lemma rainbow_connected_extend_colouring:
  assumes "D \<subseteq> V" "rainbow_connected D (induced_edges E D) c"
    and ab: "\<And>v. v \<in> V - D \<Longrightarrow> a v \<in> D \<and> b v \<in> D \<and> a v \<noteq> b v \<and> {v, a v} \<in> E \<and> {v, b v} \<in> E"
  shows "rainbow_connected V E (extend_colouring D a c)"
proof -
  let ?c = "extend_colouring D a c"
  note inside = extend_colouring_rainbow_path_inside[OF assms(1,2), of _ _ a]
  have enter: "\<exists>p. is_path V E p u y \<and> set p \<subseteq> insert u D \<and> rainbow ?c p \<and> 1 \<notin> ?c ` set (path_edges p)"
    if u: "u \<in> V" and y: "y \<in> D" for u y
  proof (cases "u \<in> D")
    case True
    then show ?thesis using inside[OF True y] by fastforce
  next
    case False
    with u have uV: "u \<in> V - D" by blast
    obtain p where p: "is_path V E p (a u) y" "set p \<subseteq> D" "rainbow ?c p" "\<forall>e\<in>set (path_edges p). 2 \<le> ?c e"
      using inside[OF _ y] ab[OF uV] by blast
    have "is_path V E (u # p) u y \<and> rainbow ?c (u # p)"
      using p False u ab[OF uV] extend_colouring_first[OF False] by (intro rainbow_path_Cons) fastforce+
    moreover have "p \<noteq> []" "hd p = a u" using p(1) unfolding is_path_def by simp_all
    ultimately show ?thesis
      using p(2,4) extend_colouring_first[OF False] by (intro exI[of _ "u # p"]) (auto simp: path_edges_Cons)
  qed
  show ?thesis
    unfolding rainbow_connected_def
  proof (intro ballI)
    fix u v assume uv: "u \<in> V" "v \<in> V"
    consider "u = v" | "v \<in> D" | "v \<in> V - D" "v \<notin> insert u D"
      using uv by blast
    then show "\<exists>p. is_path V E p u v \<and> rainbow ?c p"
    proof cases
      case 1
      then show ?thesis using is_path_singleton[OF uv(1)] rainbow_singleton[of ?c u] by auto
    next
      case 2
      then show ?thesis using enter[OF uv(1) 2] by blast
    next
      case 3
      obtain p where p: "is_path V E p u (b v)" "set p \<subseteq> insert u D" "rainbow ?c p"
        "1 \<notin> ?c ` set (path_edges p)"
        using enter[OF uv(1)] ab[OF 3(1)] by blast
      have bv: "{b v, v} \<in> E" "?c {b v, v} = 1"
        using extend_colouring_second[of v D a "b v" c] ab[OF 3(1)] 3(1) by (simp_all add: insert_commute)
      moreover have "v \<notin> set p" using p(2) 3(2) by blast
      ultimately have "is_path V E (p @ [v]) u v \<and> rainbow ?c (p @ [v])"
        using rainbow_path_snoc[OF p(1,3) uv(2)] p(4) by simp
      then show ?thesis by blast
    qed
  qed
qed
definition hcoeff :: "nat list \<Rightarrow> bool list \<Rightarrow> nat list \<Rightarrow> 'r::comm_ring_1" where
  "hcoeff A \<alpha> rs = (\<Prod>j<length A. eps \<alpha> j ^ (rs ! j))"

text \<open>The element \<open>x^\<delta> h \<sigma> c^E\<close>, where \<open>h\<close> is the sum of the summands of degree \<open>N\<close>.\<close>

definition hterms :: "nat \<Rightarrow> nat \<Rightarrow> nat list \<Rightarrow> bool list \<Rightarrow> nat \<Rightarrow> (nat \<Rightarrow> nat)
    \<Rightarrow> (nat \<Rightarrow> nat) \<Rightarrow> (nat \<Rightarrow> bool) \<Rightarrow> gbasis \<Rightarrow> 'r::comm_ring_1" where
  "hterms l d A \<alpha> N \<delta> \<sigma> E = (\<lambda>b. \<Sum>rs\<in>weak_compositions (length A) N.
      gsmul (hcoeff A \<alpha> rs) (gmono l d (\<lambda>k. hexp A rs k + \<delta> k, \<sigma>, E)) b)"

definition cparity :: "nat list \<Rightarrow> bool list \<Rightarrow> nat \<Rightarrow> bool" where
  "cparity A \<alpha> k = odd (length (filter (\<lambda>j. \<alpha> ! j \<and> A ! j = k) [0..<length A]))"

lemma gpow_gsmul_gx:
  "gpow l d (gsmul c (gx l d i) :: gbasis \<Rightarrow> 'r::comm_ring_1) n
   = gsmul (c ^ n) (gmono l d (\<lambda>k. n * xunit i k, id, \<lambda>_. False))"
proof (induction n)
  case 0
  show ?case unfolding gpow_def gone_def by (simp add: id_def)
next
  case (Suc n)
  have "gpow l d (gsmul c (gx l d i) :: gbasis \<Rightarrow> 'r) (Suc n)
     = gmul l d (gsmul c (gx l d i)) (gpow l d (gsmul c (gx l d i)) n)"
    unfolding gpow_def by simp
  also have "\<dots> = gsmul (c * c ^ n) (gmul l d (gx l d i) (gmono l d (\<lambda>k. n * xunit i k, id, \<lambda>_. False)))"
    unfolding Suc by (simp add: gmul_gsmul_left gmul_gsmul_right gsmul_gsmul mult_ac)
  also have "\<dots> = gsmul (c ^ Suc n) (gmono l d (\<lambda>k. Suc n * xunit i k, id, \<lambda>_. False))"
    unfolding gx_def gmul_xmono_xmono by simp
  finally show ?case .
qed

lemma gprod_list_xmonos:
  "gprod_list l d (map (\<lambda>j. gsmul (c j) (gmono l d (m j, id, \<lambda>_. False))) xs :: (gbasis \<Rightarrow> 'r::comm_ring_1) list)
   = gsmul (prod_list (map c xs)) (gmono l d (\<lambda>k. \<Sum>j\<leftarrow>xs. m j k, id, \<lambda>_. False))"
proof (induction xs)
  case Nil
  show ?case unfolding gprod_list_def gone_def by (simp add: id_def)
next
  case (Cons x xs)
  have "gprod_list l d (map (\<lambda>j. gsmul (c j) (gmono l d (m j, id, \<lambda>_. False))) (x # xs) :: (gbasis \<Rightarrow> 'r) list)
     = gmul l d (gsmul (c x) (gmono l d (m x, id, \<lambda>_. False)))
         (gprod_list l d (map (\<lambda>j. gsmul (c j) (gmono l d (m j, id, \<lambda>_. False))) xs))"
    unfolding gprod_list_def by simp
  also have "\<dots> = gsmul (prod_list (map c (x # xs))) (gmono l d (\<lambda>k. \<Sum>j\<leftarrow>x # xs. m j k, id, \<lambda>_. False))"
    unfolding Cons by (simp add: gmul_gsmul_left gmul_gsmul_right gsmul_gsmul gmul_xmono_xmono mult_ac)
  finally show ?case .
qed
---
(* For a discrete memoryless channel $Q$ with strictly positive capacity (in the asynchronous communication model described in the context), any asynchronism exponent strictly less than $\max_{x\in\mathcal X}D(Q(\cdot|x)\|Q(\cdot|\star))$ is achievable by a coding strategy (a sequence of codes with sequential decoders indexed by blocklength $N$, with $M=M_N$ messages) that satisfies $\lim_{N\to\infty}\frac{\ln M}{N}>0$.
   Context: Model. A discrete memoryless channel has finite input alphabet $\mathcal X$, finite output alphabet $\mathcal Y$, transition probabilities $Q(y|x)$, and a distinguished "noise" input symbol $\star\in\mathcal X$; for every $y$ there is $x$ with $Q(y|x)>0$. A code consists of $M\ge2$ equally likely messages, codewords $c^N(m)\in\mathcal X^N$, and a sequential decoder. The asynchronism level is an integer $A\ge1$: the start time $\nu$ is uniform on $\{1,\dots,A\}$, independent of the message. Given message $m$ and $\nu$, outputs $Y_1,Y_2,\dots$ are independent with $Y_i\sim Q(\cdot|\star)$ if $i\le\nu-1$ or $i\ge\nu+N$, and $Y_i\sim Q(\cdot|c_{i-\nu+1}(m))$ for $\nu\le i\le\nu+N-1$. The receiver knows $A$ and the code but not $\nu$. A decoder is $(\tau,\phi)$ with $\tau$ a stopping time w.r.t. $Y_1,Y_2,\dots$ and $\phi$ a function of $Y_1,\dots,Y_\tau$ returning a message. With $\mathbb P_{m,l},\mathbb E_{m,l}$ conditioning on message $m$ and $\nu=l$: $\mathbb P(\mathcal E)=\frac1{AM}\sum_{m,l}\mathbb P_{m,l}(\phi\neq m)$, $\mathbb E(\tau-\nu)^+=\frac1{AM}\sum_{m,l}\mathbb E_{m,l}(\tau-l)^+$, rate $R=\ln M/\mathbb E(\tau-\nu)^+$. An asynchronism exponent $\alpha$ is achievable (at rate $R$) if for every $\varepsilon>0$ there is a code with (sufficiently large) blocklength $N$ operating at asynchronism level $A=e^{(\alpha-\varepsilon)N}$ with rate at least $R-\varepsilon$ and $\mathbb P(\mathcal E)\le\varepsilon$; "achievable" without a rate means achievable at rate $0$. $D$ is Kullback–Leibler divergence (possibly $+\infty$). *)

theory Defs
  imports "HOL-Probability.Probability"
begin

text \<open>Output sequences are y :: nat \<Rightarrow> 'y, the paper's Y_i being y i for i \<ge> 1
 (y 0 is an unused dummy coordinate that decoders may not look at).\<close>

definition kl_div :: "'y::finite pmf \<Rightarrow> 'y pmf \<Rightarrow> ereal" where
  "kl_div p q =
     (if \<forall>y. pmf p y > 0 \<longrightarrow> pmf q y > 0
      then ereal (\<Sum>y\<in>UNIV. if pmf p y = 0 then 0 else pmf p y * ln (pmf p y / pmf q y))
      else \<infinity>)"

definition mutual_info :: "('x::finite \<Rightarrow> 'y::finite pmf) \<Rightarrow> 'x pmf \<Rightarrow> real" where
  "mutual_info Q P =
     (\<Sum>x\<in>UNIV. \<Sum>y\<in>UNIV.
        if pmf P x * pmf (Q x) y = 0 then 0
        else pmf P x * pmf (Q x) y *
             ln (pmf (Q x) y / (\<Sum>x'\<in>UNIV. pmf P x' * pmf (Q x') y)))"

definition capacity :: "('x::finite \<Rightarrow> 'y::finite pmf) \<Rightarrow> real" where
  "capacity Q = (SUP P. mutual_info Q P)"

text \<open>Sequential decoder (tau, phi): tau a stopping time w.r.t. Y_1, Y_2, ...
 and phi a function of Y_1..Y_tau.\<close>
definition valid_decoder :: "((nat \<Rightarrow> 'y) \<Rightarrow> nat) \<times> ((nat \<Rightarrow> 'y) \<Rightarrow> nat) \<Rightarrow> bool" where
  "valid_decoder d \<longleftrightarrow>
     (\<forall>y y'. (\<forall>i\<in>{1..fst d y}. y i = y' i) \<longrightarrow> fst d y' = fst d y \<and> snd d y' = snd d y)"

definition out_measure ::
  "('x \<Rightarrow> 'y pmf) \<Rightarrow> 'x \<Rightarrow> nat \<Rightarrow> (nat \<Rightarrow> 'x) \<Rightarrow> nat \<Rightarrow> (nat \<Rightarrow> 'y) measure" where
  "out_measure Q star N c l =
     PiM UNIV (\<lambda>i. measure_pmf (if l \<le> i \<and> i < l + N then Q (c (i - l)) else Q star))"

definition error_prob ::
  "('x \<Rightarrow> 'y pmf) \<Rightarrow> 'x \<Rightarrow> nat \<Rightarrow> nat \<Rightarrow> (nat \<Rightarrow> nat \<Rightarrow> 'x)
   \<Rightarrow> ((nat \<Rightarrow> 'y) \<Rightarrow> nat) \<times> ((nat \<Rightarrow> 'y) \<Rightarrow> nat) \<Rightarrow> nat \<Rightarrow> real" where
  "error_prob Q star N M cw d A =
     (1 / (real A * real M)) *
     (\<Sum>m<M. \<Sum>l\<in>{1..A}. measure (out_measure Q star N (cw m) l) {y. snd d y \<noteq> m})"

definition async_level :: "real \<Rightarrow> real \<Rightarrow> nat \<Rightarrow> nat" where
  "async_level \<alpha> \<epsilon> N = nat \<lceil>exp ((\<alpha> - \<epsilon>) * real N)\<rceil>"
--
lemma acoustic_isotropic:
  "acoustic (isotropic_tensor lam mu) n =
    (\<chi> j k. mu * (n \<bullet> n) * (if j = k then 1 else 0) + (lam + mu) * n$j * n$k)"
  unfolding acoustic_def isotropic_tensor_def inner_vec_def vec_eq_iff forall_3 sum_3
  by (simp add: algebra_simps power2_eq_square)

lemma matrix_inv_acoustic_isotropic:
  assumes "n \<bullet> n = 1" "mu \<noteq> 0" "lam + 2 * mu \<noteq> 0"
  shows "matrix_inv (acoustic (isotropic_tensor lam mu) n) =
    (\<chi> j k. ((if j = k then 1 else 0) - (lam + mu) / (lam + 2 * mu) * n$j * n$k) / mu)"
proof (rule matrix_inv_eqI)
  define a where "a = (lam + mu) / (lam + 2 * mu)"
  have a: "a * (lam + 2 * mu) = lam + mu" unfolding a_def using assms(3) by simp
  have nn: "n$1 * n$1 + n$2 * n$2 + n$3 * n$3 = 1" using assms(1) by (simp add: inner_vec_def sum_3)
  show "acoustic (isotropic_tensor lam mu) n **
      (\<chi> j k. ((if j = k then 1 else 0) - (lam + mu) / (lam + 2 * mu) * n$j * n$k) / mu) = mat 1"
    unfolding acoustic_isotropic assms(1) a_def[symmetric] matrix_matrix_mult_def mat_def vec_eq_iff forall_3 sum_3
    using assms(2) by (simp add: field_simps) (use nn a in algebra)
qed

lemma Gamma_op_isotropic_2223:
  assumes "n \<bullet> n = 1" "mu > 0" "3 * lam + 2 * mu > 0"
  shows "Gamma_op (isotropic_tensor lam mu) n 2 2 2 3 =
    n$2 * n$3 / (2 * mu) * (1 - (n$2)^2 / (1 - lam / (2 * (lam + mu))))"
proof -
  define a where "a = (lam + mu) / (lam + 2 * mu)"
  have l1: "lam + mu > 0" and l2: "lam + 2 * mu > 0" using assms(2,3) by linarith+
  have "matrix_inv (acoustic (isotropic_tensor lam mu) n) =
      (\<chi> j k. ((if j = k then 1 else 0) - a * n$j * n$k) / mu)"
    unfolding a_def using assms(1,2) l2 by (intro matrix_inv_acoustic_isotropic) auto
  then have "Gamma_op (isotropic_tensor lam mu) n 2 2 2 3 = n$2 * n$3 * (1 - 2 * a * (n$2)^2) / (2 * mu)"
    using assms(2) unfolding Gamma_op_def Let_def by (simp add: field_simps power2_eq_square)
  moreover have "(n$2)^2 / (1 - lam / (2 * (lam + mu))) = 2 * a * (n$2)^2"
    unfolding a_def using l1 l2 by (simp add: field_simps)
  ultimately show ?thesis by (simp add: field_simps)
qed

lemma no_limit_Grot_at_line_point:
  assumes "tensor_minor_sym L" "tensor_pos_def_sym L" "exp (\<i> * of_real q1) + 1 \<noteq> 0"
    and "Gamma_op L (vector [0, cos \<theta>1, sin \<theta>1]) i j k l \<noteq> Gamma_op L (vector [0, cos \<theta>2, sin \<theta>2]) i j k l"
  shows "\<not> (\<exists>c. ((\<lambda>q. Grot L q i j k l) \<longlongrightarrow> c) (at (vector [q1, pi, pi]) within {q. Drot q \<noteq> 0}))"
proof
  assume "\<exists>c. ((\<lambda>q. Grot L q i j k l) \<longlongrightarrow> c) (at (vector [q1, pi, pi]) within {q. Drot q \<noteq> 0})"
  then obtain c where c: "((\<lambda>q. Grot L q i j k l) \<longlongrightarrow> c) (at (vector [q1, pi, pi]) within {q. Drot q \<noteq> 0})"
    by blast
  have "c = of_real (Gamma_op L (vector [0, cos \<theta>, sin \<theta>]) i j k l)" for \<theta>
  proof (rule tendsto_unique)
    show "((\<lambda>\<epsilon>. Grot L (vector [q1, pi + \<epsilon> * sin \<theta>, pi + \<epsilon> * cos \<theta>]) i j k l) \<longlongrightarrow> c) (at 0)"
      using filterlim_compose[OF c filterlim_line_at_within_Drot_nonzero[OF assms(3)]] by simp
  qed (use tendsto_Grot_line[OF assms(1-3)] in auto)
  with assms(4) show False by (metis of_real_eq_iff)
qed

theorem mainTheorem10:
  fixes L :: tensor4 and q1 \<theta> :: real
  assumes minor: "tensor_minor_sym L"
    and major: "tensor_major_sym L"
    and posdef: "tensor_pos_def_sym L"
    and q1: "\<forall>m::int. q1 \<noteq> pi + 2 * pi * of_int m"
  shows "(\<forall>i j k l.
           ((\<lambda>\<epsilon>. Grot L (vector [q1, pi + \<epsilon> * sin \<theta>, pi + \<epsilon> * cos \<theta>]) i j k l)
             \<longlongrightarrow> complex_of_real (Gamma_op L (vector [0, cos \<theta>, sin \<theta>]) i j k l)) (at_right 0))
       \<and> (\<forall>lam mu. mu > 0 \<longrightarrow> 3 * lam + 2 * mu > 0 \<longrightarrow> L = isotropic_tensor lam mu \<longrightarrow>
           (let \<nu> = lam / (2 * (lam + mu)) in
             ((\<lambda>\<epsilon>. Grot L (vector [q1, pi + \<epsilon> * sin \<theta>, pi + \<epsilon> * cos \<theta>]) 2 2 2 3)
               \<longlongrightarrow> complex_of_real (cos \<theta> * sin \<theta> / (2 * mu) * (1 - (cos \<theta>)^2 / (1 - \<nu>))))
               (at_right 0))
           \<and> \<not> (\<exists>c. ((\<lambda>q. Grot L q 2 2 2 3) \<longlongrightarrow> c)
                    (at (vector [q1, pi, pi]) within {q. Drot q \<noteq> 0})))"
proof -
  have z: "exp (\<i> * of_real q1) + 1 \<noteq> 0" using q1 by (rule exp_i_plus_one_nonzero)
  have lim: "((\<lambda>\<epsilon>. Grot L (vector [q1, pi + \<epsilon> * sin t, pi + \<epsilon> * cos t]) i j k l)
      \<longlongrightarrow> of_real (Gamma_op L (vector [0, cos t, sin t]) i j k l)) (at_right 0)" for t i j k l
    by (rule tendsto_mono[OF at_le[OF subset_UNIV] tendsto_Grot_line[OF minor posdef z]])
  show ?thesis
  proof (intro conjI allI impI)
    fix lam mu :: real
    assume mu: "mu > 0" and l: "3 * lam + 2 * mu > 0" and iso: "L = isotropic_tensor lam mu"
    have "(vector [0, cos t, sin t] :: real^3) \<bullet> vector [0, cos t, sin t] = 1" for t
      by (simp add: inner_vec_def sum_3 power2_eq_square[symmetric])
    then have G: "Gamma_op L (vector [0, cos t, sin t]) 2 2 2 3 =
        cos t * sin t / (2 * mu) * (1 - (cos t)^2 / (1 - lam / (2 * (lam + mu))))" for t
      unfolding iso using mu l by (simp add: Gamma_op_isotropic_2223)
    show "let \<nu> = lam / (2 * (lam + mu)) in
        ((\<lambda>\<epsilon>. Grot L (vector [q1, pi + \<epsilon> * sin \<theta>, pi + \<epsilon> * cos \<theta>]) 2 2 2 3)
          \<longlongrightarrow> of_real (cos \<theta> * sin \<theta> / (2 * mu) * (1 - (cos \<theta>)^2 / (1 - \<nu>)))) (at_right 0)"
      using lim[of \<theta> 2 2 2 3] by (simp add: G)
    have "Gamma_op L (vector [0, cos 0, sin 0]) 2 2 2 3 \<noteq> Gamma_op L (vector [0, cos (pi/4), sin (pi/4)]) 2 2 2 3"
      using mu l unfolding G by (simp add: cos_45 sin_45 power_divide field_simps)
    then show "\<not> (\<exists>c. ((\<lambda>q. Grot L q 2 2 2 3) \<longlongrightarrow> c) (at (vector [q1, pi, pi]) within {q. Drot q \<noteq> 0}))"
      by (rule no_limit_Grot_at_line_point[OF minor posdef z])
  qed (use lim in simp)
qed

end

GOAL OF THE EXERCISE:
Where a line of the data holds "hterms", show that line.

YOUR SOLUTION:
definition hterms :: "nat \<Rightarrow> nat \<Rightarrow> nat list \<Rightarrow> bool list \<Rightarrow> nat \<Rightarrow> (nat \<Rightarrow> nat)
  "hterms l d A \<alpha> N \<delta> \<sigma> E = (\<lambda>b. \<Sum>rs\<in>weak_compositions (length A) N.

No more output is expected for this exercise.